Strategic initiatives progressing well
My impression after reviewing TPX’s 4Q22 earnings report is that the company’s efforts will continue to enable strong performance going forward. In particular, despite a weaker demand backdrop, TPX is reaping the benefits of investments in new products and marketing. Furthermore, TPX is making use of its omnichannel distribution model to give customers more flexibility in choosing where to make purchases. On the other hand, TPX OEM operations are being expanded by management which should generate $600 million annually in revenue. As a result, despite global macro uncertainty, I expect US demand to stabilize after suffering its largest annual decline. Further, I anticipate that as we get back to a normal environment, and TPX implements these strategies, it will be able to generate robust FCF, which can be used to fund share repurchases.

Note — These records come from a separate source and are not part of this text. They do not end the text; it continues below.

(* Let $n\ge 2$ be an integer and $k$ an integer with $1\le k\le 2^n$. Then $$v_2\big(s(2^n,k+1)\big)>v_2\big(s(2^n,k)\big)-n.$$
   Context: The (unsigned) Stirling numbers of the first kind $s(n,k)$ are defined by $x(x+1)\cdots(x+n-1)=\sum_{k=0}^n s(n,k)x^k$, with $s(n,k)=0$ for $k>n$. $v_2$ denotes the $2$-adic valuation, with the convention $v_2(0)=+\infty$. *)

theory Defs
  imports "HOL-Combinatorics.Stirling" "HOL-Computational_Algebra.Primes" "HOL-Library.Extended_Nat"
begin

definition v2 :: "nat \<Rightarrow> enat" where
  "v2 m = (if m = 0 then \<infinity> else enat (multiplicity (2::nat) m))"

end

theory Submission
  imports Defs "HOL-Computational_Algebra.Polynomial"
begin

(*
  With $P_n(x) = \prod_{i<2^n} (i + 2^{n-1} x)$, the coefficient of $x^k$ is $2^{(n-1)k} s(2^n,k)$.
  Splitting $P_{n+1}$ into its even and odd factors and pairing the odd factors $2i+1$ and
  $2^{n+1}-2i-1$ gives $P_{n+1} = 2^{2^n} P_n \cdot U_n(x^2+2x)$, hence
  $P_n = 2^{2^n-2} x (1+x) S_n(x^2+2x)$ with $S_n = U_1 \cdots U_{n-1}$.
  Modulo $2^t$, $U_t$ is $(x-1)^{2^{t-1}}$ with $x$ scaled by $4^t$, so Kummer's theorem gives the
  exact valuations of its coefficients. In every coefficient of $S_n$ one term of the convolution
  has strictly smaller valuation than all others, which yields an exact valuation $V_n(j)$ of the
  $j$-th coefficient, nondecreasing in $j$. As $x^2+2x \equiv x^2 \pmod 2$, the $i$-th coefficient
  of $(1+x) S_n(x^2+2x)$ has valuation $V_n(\lfloor i/2 \rfloor)$. Therefore
  $v_2(s(2^n,k)) + (n-1)k = 2^n - 2 + V_n(\lfloor (k-1)/2 \rfloor)$, and the monotonicity of $V_n$
  bounds the drop of the valuation from $k$ to $k+1$ by $n-1$.
*)

section \<open>Exact powers of 2\<close>

definition has_val2 :: "nat \<Rightarrow> int \<Rightarrow> bool" where
  "has_val2 e x \<longleftrightarrow> 2 ^ e dvd x \<and> \<not> 2 ^ Suc e dvd x"

lemma has_val2_iff: "has_val2 e x \<longleftrightarrow> (\<exists>u. odd u \<and> x = 2 ^ e * u)"
proof
  assume h: "has_val2 e x"
  then obtain u where u: "x = 2 ^ e * u"
    unfolding has_val2_def by (auto elim: dvdE)
  have "odd u"
  proof
    assume "even u"
    then obtain q where "u = 2 * q" by auto
    hence "x = 2 ^ Suc e * q" using u by simp
    thus False using h unfolding has_val2_def by simp
  qed
  thus "\<exists>u. odd u \<and> x = 2 ^ e * u" using u by blast
next
  assume "\<exists>u. odd u \<and> x = 2 ^ e * u"
  then obtain u where u: "odd u" "x = 2 ^ e * u" by blast
  have "\<not> (2::int) ^ Suc e dvd x"
  proof
    assume "(2::int) ^ Suc e dvd x"
    then obtain q where "x = 2 ^ Suc e * q" by (auto elim: dvdE)
    hence "u = 2 * q" using u by simp
    thus False using u by simp
  qed
  thus "has_val2 e x" using u unfolding has_val2_def by simp
qed

lemma has_val2_0_iff [simp]: "has_val2 0 x \<longleftrightarrow> odd x"
  unfolding has_val2_def by simp

lemma has_val2_minus_iff [simp]: "has_val2 e (- x) \<longleftrightarrow> has_val2 e x"
  unfolding has_val2_def by simp

lemma has_val2_imp_nonzero: "has_val2 e x \<Longrightarrow> x \<noteq> 0"
  unfolding has_val2_def by auto

lemma has_val2_imp_dvd: "has_val2 e x \<Longrightarrow> f \<le> e \<Longrightarrow> 2 ^ f dvd x"
  unfolding has_val2_def by (meson dvd_trans le_imp_power_dvd)

lemma has_val2_unique: "has_val2 e x \<Longrightarrow> has_val2 f x \<Longrightarrow> e = f"
  by (metis Suc_leI has_val2_def has_val2_imp_dvd linorder_neqE_nat)

lemma has_val2_mult: "has_val2 e x \<Longrightarrow> has_val2 f y \<Longrightarrow> has_val2 (e + f) (x * y)"
proof -
  assume "has_val2 e x" "has_val2 f y"
  then obtain u v where "odd u" "x = 2 ^ e * u" "odd v" "y = 2 ^ f * v"
    unfolding has_val2_iff by blast
  hence "odd (u * v)" "x * y = 2 ^ (e + f) * (u * v)" by (auto simp: power_add)
  thus ?thesis unfolding has_val2_iff by blast
qed

lemma has_val2_pow2_mult: "has_val2 e x \<Longrightarrow> has_val2 (k + e) (2 ^ k * x)"
  using has_val2_mult[of k "2 ^ k" e x] has_val2_iff[of k "2 ^ k"] by auto

lemma has_val2_pow2_multD: "has_val2 e (2 ^ k * x) \<Longrightarrow> k \<le> e \<and> has_val2 (e - k) x"
proof -
  assume "has_val2 e (2 ^ k * x)"
  then obtain u where u: "odd u" "2 ^ k * x = 2 ^ e * u" unfolding has_val2_iff by blast
  have "k \<le> e"
  proof (rule ccontr)
    assume "\<not> k \<le> e"
    hence "(2::int) ^ k = 2 ^ e * 2 ^ (k - e)" "k - e > 0" by (auto simp flip: power_add)
    hence "u = 2 ^ (k - e) * x" using u by (simp add: mult.assoc)
    thus False using u \<open>k - e > 0\<close> by simp
  qed
  hence "(2::int) ^ e = 2 ^ k * 2 ^ (e - k)" by (simp flip: power_add)
  hence "x = 2 ^ (e - k) * u" using u by simp
  thus ?thesis using \<open>k \<le> e\<close> u unfolding has_val2_iff by blast
qed

lemma has_val2_odd_mult_iff: "odd u \<Longrightarrow> has_val2 e (u * x) \<longleftrightarrow> has_val2 e x"
proof -
  assume "odd u"
  hence "coprime ((2::int) ^ k) u" for k by simp
  hence "(2::int) ^ k dvd u * x \<longleftrightarrow> 2 ^ k dvd x" for k
    by (simp add: coprime_dvd_mult_right_iff)
  thus ?thesis unfolding has_val2_def by blast
qed

lemma has_val2_mult_cancel:
  assumes "has_val2 e (x * y)" and "has_val2 f x"
  shows "f \<le> e \<and> has_val2 (e - f) y"
proof -
  obtain u where u: "odd u" "x = 2 ^ f * u" using assms(2) unfolding has_val2_iff by blast
  have "has_val2 e (2 ^ f * (u * y))" using assms(1) u by (simp add: mult.assoc)
  thus ?thesis using has_val2_pow2_multD has_val2_odd_mult_iff[OF \<open>odd u\<close>] by blast
qed

lemma has_val2_add: "has_val2 e x \<Longrightarrow> 2 ^ Suc e dvd y \<Longrightarrow> has_val2 e (x + y)"
  unfolding has_val2_def by (metis dvd_add_left_iff dvd_add_right_iff dvd_mult_right power_Suc)

lemma has_val2_cong: "has_val2 e y \<Longrightarrow> e < t \<Longrightarrow> 2 ^ t dvd x - y \<Longrightarrow> has_val2 e x"
proof -
  assume "has_val2 e y" "e < t" "2 ^ t dvd x - y"
  hence "2 ^ Suc e dvd x - y" by (meson Suc_leI dvd_trans le_imp_power_dvd)
  from has_val2_add[OF \<open>has_val2 e y\<close> this] show "has_val2 e x" by simp
qed

lemma has_val2_sum:
  assumes "finite A" "a \<in> A" "has_val2 e (g a)"
    and "\<And>b. b \<in> A \<Longrightarrow> b \<noteq> a \<Longrightarrow> 2 ^ Suc e dvd g b"
  shows "has_val2 e (sum g A)"
proof -
  have "sum g A = g a + sum g (A - {a})" using assms(1,2) by (simp add: sum.remove)
  moreover have "2 ^ Suc e dvd sum g (A - {a})" using assms(4) by (intro dvd_sum) auto
  ultimately show ?thesis using has_val2_add[OF assms(3)] by simp
qed

lemma pow2_dvd_mult:
  "(2::int) ^ a dvd x \<Longrightarrow> 2 ^ b dvd y \<Longrightarrow> c \<le> a + b \<Longrightarrow> 2 ^ c dvd x * y"
proof -
  assume "2 ^ a dvd x" "2 ^ b dvd y" "c \<le> a + b"
  hence "(2::int) ^ (a + b) dvd x * y" by (simp add: power_add mult_dvd_mono)
  thus ?thesis using \<open>c \<le> a + b\<close> by (meson dvd_trans le_imp_power_dvd)
qed

lemma has_val2_of_nat_iff: "m \<noteq> 0 \<Longrightarrow> has_val2 e (int m) \<longleftrightarrow> multiplicity 2 m = e"
proof -
  assume "m \<noteq> 0"
  have "has_val2 e (int m) \<longleftrightarrow> 2 ^ e dvd m \<and> \<not> 2 ^ Suc e dvd m"
    unfolding has_val2_def by (metis of_nat_dvd_iff of_nat_numeral of_nat_power)
  also have "\<dots> \<longleftrightarrow> multiplicity 2 m = e"
  proof
    assume "2 ^ e dvd m \<and> \<not> 2 ^ Suc e dvd m"
    thus "multiplicity 2 m = e" by (intro multiplicity_eqI) auto
  next
    assume "multiplicity 2 m = e"
    moreover have "\<not> 2 ^ Suc (multiplicity 2 m) dvd m"
      using \<open>m \<noteq> 0\<close> multiplicity_geI[of m 2 "Suc (multiplicity 2 m)"] by auto
    ultimately show "2 ^ e dvd m \<and> \<not> 2 ^ Suc e dvd m" using multiplicity_dvd[of 2 m] by blast
  qed
  finally show ?thesis .
qed

lemma v2_eq_if_has_val2: "has_val2 e (int m) \<Longrightarrow> v2 m = enat e"
  using has_val2_imp_nonzero[of e "int m"] has_val2_of_nat_iff[of m e] by (simp add: v2_def)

Product and brand-related initiatives are also gaining traction. There has been a brisk demand for Stearns & Foster’s new offerings since the launch began. Supply chain issues have delayed the full rollout until Memorial Day, but the plan to increase available retail slots is still on schedule. More recently established e-commerce platforms also outperformed projections, largely as a result of a shift in product mix toward higher-priced items. In the coming quarters, I foresee new product launches to international markets, which will increase TPX TAM. This is a key indicator to track because it shows how transportable the TPX brand and product are and lengthens the company’s growth runway.
Conclusion
I have a favorable view on TPX’s ability to perform well and increase its market presence in the bedding industry. I consider the management’s forecast of stable unit sales for FY23 to be reasonable, as consumers may continue to delay big purchases until they feel more financially secure. As a long-term investor, I am ignoring the expected temporary weak performance and focusing on the growth prospects in FY24. My confidence in this view is strengthened by stabilizing demand, reducing commodity cost pressure, and the company’s successful execution of strategic plans, which should result in growth and improvement in margins. TPX’s 4Q22 results show the company’s ability to handle decreasing demand and the advantage of its diverse product and brand portfolio. I anticipate TPX to experience growth gradually throughout the year, with a significant increase in the latter half, due to the full-year advertising investments and improved efficiency in overhead costs. I believe that TPX is in a strong position for future growth and success.